访问存储在 GAE blob 中的制表符分隔值内容,但使用通用换行模式或等效模式
我正在尝试读取 TSV 文件的内容作为 Google App Engine 应用程序的一部分。
我可以使用以下方法很好地从文件中读取数据:
f=csv.reader(open(matrixpath, "rU"),dialect='excel-tab')
但是我现在需要使用 blobreader 从 blobstore 读取数据:
blob_key = ...
blobdata = blobstore.BlobReader(blob_key)
f=csv.reader(blobdata,dialect='excel-tab')
如果没有 rU 参数,我会在不带引号的字段错误中得到换行符:
错误:未加引号的字段中出现换行符 - 是否需要以通用换行模式打开文件?
我想修复我的文件以免出现此错误,或者以通用换行模式模拟从 blobstore 打开?
我的文件大约 20MB,它的缩减样本(脚本仍然失败)可以在这里找到。
I'm trying to read the contents of a TSV file as part of a Google App Engine application.
I can read from a file fine by using:
f=csv.reader(open(matrixpath, "rU"),dialect='excel-tab')
However I now need to read the data from the blobstore using blobreader:
blob_key = ...
blobdata = blobstore.BlobReader(blob_key)
f=csv.reader(blobdata,dialect='excel-tab')
(I've uploaded a copy of the entire code that I'm having this issue with here)

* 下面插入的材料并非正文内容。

(* Assume the setting described in the context and let $\gamma\in\mathbb R$, $\theta\in\mathbb R^{\mathfrak d}$. Then $$V(\theta-\gamma\mathcal G(\theta))-V(\theta)=\gamma^2\|\mathcal G(\theta)\|^2+\gamma^2\Big[\sum_{k=1}^L\sum_{i=1}^{\ell_k}(k-1)|\mathcal G_{\ell_k\ell_{k-1}+i+\mathbf d_{k-1}}(\theta)|^2\Big]-4\gamma L\Big[\int_{[a,b]^{\ell_0}}\big\langle\mathcal N^{L,\theta}_\infty(x)-f(x),\mathcal N^{L,\theta}_\infty(x)-f(0)\big\rangle\,\mu(dx)\Big]$$ $$\le\gamma^2L\|\mathcal G(\theta)\|^2-4\gamma L\Big[\int_{[a,b]^{\ell_0}}\big\langle\mathcal N^{L,\theta}_\infty(x)-f(x),\mathcal N^{L,\theta}_\infty(x)-f(0)\big\rangle\,\mu(dx)\Big].$$
   Context: Setting. Let $L,\mathfrak d\in\mathbb N=\{1,2,\dots\}$, $(\ell_k)_{k\in\mathbb N_0}\subseteq\mathbb N$, $a\in\mathbb R$, $b\in(a,\infty)$, $\mathscr A\in(0,\infty)$, $\mathscr B\in(\mathscr A,\infty)$ with $\mathfrak d=\sum_{k=1}^L\ell_k(\ell_{k-1}+1)$; let $\mathbf d_k=\sum_{h=1}^k\ell_h(\ell_{h-1}+1)$ for $k\in\mathbb N_0$. For $\theta=(\theta_1,\dots,\theta_{\mathfrak d})\in\mathbb R^{\mathfrak d}$, $k\in\{1,\dots,L\}$, $i\in\{1,\dots,\ell_k\}$, $j\in\{1,\dots,\ell_{k-1}\}$ let $\mathfrak w^{k,\theta}_{i,j}=\theta_{(i-1)\ell_{k-1}+j+\mathbf d_{k-1}}$ and $\mathfrak b^{k,\theta}_i=\theta_{\ell_k\ell_{k-1}+i+\mathbf d_{k-1}}$, let $\mathfrak w^{k,\theta}=(\mathfrak w^{k,\theta}_{i,j})_{i,j}\in\mathbb R^{\ell_k\times\ell_{k-1}}$, $\mathfrak b^{k,\theta}=(\mathfrak b^{k,\theta}_1,\dots,\mathfrak b^{k,\theta}_{\ell_k})\in\mathbb R^{\ell_k}$, and $\mathcal A^\theta_k\colon\mathbb R^{\ell_{k-1}}\to\mathbb R^{\ell_k}$, $\mathcal A^\theta_k(x)=\mathfrak b^{k,\theta}+\mathfrak w^{k,\theta}x$. Let $\mathscr R_\infty(x)=\max\{x,0\}$ and let $\mathscr R_r\colon\mathbb R\to\mathbb R$, $r\in[1,\infty)$, satisfy for all $r\in[1,\infty)$: $\mathscr R_r\in C^1(\mathbb R,\mathbb R)$, $\mathscr R_r(x)=0$ for all $x\le\mathscr A r^{-1}$, $0\le\mathscr R_r(y)\le\max\{y,0\}$ for all $y\in\mathbb R$, $\mathscr R_r(z)=z$ for all $z\ge\mathscr B r^{-1}$; assume $\sup_{r\in[1,\infty)}\sup_{x\in\mathbb R}|(\mathscr R_r)'(x)|<\infty$. $\|\cdot\|$, $\langle\cdot,\cdot\rangle$ are the Euclidean norm and scalar product on each $\mathbb R^n$; for $r\in[1,\infty]$, $\mathfrak M_r(x_1,\dots,x_n)=(\mathscr R_r(x_1),\dots,\mathscr R_r(x_n))$. For $r\in[1,\infty]$, $\theta\in\mathbb R^{\mathfrak d}$ define $\mathcal N^{k,\theta}_r\colon\mathbb R^{\ell_0}\to\mathbb R^{\ell_k}$, $k\in\{1,\dots,L\}$, by $\mathcal N^{1,\theta}_r=\mathcal A^\theta_1$ and $\mathcal N^{k+1,\theta}_r(x)=\mathcal A^\theta_{k+1}(\mathfrak M_{r^{1/k}}(\mathcal N^{k,\theta}_r(x)))$ (with $\infty^{1/k}=\infty$). Let $\mu$ be a measure on the Borel $\sigma$-algebra of $[a,b]^{\ell_0}$ with $\mu([a,b]^{\ell_0})\in\mathbb R$, let $f=(f_1,\dots,f_{\ell_L})\colon\mathbb R^{\ell_0}\to\mathbb R^{\ell_L}$ be measurable (only its values on $[a,b]^{\ell_0}$ and the value $f(0)$ enter), and for $r\in[1,\infty]$ let $\mathcal L_r\colon\mathbb R^{\mathfrak d}\to\mathbb R$ be given by $\mathcal L_r(\theta)=\int_{[a,b]^{\ell_0}}\|\mathcal N^{L,\theta}_r(x)-f(x)\|^2\,\mu(dx)$ (these integrals are real numbers as part of the setting). Let $\mathcal G=(\mathcal G_1,\dots,\mathcal G_{\mathfrak d})\colon\mathbb R^{\mathfrak d}\to\mathbb R^{\mathfrak d}$ satisfy $\mathcal G(\theta)=\lim_{r\to\infty}(\nabla\mathcal L_r)(\theta)$ for every $\theta$ for which $((\nabla\mathcal L_r)(\theta))_{r\in[1,\infty)}$ is convergent as $r\to\infty$. Let $V\colon\mathbb R^{\mathfrak d}\to\mathbb R$, $V(\theta)=\big[\sum_{k=1}^L\big(k\|\mathfrak b^{k,\theta}\|^2+\sum_{i=1}^{\ell_k}\sum_{j=1}^{\ell_{k-1}}|\mathfrak w^{k,\theta}_{i,j}|^2\big)\big]-2L\langle f(0),\mathfrak b^{L,\theta}\rangle$. *)

theory Defs
  imports "HOL-Analysis.Analysis" "HOL-Probability.Probability"
begin

text \<open>Parameter vectors theta in R^d are represented as functions nat => real, of which
only the coordinates 1..d matter.  Vectors in R^n (inputs, layer outputs) are likewise
functions nat => real of which only the coordinates 1..n matter.\<close>

definition dd :: "(nat \<Rightarrow> nat) \<Rightarrow> nat \<Rightarrow> nat" where
  "dd ls k = (\<Sum>h = 1..k. ls h * (ls (h - 1) + 1))"

definition wt :: "(nat \<Rightarrow> nat) \<Rightarrow> (nat \<Rightarrow> real) \<Rightarrow> nat \<Rightarrow> nat \<Rightarrow> nat \<Rightarrow> real" where
  "wt ls \<theta> k i j = \<theta> ((i - 1) * ls (k - 1) + j + dd ls (k - 1))"

definition bs :: "(nat \<Rightarrow> nat) \<Rightarrow> (nat \<Rightarrow> real) \<Rightarrow> nat \<Rightarrow> nat \<Rightarrow> real" where
  "bs ls \<theta> k i = \<theta> (ls k * ls (k - 1) + i + dd ls (k - 1))"

definition aff :: "(nat \<Rightarrow> nat) \<Rightarrow> (nat \<Rightarrow> real) \<Rightarrow> nat \<Rightarrow> (nat \<Rightarrow> real) \<Rightarrow> nat \<Rightarrow> real" where
  "aff ls \<theta> k y = (\<lambda>i. bs ls \<theta> k i + (\<Sum>j = 1..ls (k - 1). wt ls \<theta> k i j * y j))"

fun netw :: "(nat \<Rightarrow> real \<Rightarrow> real) \<Rightarrow> (nat \<Rightarrow> nat) \<Rightarrow> (nat \<Rightarrow> real) \<Rightarrow> nat
    \<Rightarrow> (nat \<Rightarrow> real) \<Rightarrow> nat \<Rightarrow> real" where
  "netw act ls \<theta> 0 x = x"
| "netw act ls \<theta> (Suc 0) x = aff ls \<theta> 1 x"
| "netw act ls \<theta> (Suc (Suc m)) x =
     aff ls \<theta> (Suc (Suc m)) (\<lambda>j. act (Suc m) (netw act ls \<theta> (Suc m) x j))"

definition act_r :: "(real \<Rightarrow> real \<Rightarrow> real) \<Rightarrow> real \<Rightarrow> nat \<Rightarrow> real \<Rightarrow> real" where
  "act_r R r k = R (r powr (1 / real k))"

definition act_inf :: "nat \<Rightarrow> real \<Rightarrow> real" where
  "act_inf k x = max x 0"
theorem lemma16:
  fixes X Z :: "real^'r^'n"
  assumes "X ** transpose X \<noteq> Z ** transpose Z"
  defines "Zp \<equiv> (mat 1 - X ** pinv X) ** Z"
  defines "\<alpha> \<equiv> frob_norm (Zp ** transpose Zp) / frob_norm (X ** transpose X - Z ** transpose Z)"
  defines "\<beta> \<equiv> (sigma_min X)^2 / frob_norm (X ** transpose X - Z ** transpose Z)
                * (trace (Zp ** transpose Zp) / frob_norm (Zp ** transpose Zp))"
  assumes "\<beta> > 0"
  shows "\<forall>t \<ge> 0. cos_theta X Z t \<ge> psi \<alpha> \<beta> t"
proof (intro allI impI)
  fix t :: real
  assume "0 \<le> t"
  define e g where "e = err_vec X Z" and "g = vecm (Zp ** transpose Zp)"
  have \<alpha>: "\<alpha> = norm g / norm e"
    and \<beta>: "\<beta> = (sigma_min X)\<^sup>2 * trace (Zp ** transpose Zp) / (norm e * norm g)"
    by (simp_all add: \<alpha>_def \<beta>_def e_def g_def err_vec_def norm_vecm)
  then have "(sigma_min X)\<^sup>2 * trace (Zp ** transpose Zp) / (norm e * norm g) \<noteq> 0"
    using \<open>\<beta> > 0\<close> by linarith
  then have "sigma_min X \<noteq> 0" and "e \<noteq> 0" and "g \<noteq> 0"
    by auto
  note split = err_vec_split[OF invertible_gram_if_sigma_min_nonzero[OF \<open>sigma_min X \<noteq> 0\<close>],
      of Z, folded Zp_def e_def g_def]
  note ratio = orthogonal_norm_ratio[OF split(3) \<open>e \<noteq> 0\<close>, folded \<alpha>]
  obtain m where "norm m = 1" and m: "norm (X *v m) = sigma_min X"
    using sigma_min_attained by blast
  have "X \<noteq> 0"
    using \<open>sigma_min X \<noteq> 0\<close> by auto
  obtain W0 where "psd W0" and "wvec W0 = g"
    and cost: "frob_inner (transpose (jac X) ** jac X) W0 = 2 * (sigma_min X)\<^sup>2 * trace (Zp ** transpose Zp)"
    using perp_psd_witness[OF split(4) \<open>norm m = 1\<close>, folded g_def, unfolded m] by blast
  define \<rho> where "\<rho> = min (t / \<beta>) \<alpha>"
  have "\<rho> * \<beta> \<le> t"
    using \<open>\<beta> > 0\<close> by (simp add: \<rho>_def min_def field_simps)
  then have cost_le: "\<rho> * frob_inner (transpose (jac X) ** jac X) W0 \<le> 2 * t * norm e * norm g"
    using \<open>e \<noteq> 0\<close> \<open>g \<noteq> 0\<close> by (simp add: cost \<beta> field_simps)
  have "0 \<le> \<rho>" and "\<rho> \<le> 1"
    using \<open>0 \<le> t\<close> \<open>\<beta> > 0\<close> ratio(1) ratio(2) by (simp_all add: \<rho>_def)
  have "psi \<alpha> \<beta> t = \<rho> * \<alpha> + sqrt (1 - \<rho>\<^sup>2) * sqrt (1 - \<alpha>\<^sup>2)"
    using psi_eq_min[OF ratio(1) ratio(2)] by (simp add: \<rho>_def)
  also have "\<dots> = (\<rho> * norm g + sqrt (1 - \<rho>\<^sup>2) * norm (e + g)) / norm e"
    using ratio(3) by (simp add: \<alpha> add_divide_distrib)
  also have "\<dots> \<le> cos_theta X Z t"
    by (rule cos_theta_ge_mixture[of X Z g W0 \<rho> t, folded e_def, OF \<open>X \<noteq> 0\<close> \<open>e \<noteq> 0\<close> \<open>g \<noteq> 0\<close>
          split(1,2) \<open>psd W0\<close> \<open>wvec W0 = g\<close> \<open>0 \<le> \<rho>\<close> \<open>\<rho> \<le> 1\<close> cost_le])
  finally show "psi \<alpha> \<beta> t \<le> cos_theta X Z t" .
qed
(* Let $f^*:[0,1]\to\mathbb{R}$ be any function, let $S=\{(x_i,y_i)\}_{i=1}^n$ with $0<x_1<x_2<\dots<x_n<1$, and let $\hat f_S$ be the minimum-norm interpolating two-layer ReLU network for $S$ (defined in the context). Then for any $i\in\{2,\dots,n-2\}$ and $x\in[x_i,x_{i+1})$, \[ |\hat f_S(x)-f^*(x)|\le\max\left\{|g_i(x)-f^*(x)|,\ \min\{|g_{i+1}(x)-f^*(x)|,|g_{i-1}(x)-f^*(x)|\}\right\}; \] for $x\in[0,x_2)$, $|\hat f_S(x)-f^*(x)|=|g_1(x)-f^*(x)|$; and for $x\in[x_{n-1},1]$, $|\hat f_S(x)-f^*(x)|=|g_{n-1}(x)-f^*(x)|$.
   Context: A two-layer ReLU network with skip connection is $f_{\theta,a_0,b_0}(x)=\sum_{j=1}^m a_j(w_jx+b_j)_++a_0x+b_0$ with $\theta=\{a_j,w_j,b_j\}_{j=1}^m\in\mathbb{R}^{3m}$ and arbitrary width $m$. The min-norm interpolator $\hat f_S$ is the (unique) minimizer of $\|\theta\|_2^2$ over all $m,\theta,a_0,b_0$ subject to $f_{\theta,a_0,b_0}(x_i)=y_i$ for all $i\in[n]$ (the weights $a_0,b_0$ are not penalized). For $i\in[n-1]$, $g_i$ denotes the affine function through $(x_i,y_i)$ and $(x_{i+1},y_{i+1})$. *)

theory Defs
  imports Complex_Main
begin

text \<open>A two-layer ReLU network with skip connection; the hidden units are given as a
  list of triples (a_j, w_j, b_j), so the width m is the length of the list.\<close>
definition relu_net :: "(real \<times> real \<times> real) list \<Rightarrow> real \<Rightarrow> real \<Rightarrow> real \<Rightarrow> real" where
  "relu_net \<theta> a0 b0 t = (\<Sum>(a, w, b) \<leftarrow> \<theta>. a * max 0 (w * t + b)) + a0 * t + b0"

definition param_norm2 :: "(real \<times> real \<times> real) list \<Rightarrow> real" where
  "param_norm2 \<theta> = (\<Sum>(a, w, b) \<leftarrow> \<theta>. a\<^sup>2 + w\<^sup>2 + b\<^sup>2)"

definition interpolates ::
  "nat \<Rightarrow> (nat \<Rightarrow> real) \<Rightarrow> (nat \<Rightarrow> real) \<Rightarrow> (real \<times> real \<times> real) list \<Rightarrow> real \<Rightarrow> real \<Rightarrow> bool" where
  "interpolates n xs ys \<theta> a0 b0 \<longleftrightarrow> (\<forall>i\<in>{1..n}. relu_net \<theta> a0 b0 (xs i) = ys i)"

definition min_norm_interpolant ::
  "nat \<Rightarrow> (nat \<Rightarrow> real) \<Rightarrow> (nat \<Rightarrow> real) \<Rightarrow> (real \<Rightarrow> real) \<Rightarrow> bool" where
  "min_norm_interpolant n xs ys f \<longleftrightarrow>
     (\<exists>\<theta> a0 b0. interpolates n xs ys \<theta> a0 b0 \<and> f = relu_net \<theta> a0 b0 \<and>
        (\<forall>\<theta>' a0' b0'. interpolates n xs ys \<theta>' a0' b0' \<longrightarrow> param_norm2 \<theta> \<le> param_norm2 \<theta>'))"

definition seg_line :: "(nat \<Rightarrow> real) \<Rightarrow> (nat \<Rightarrow> real) \<Rightarrow> nat \<Rightarrow> real \<Rightarrow> real" where
  "seg_line xs ys i t = ys i + (ys (Suc i) - ys i) / (xs (Suc i) - xs i) * (t - xs i)"

end

theory Submission
  imports Defs "HOL-Analysis.Convex"
begin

Without the rU argument I get a new-line in unquoted field error:
Error: new-line character seen in unquoted field - do you need to open the file in universal-newline mode?
I would like to either fix my file so that I do not get this error, or emulate opening from the blobstore in a universal-newline mode?
My file is around 20MB, and a cut down sample of it (that the script still fails on) can be found here.
如果你对这篇内容有疑问,欢迎到本站社区发帖提问 参与讨论,获取更多帮助,或者扫码二维码加入 Web 技术交流群。
绑定邮箱获取回复消息
由于您还没有绑定你的真实邮箱,如果其他用户或者作者回复了您的评论,将不能在第一时间通知您!
发布评论
评论(2)
我无法直接从示例文件重现该错误。你可以吗?
给定
blob = open('sample-file.tsv', 'rb').read()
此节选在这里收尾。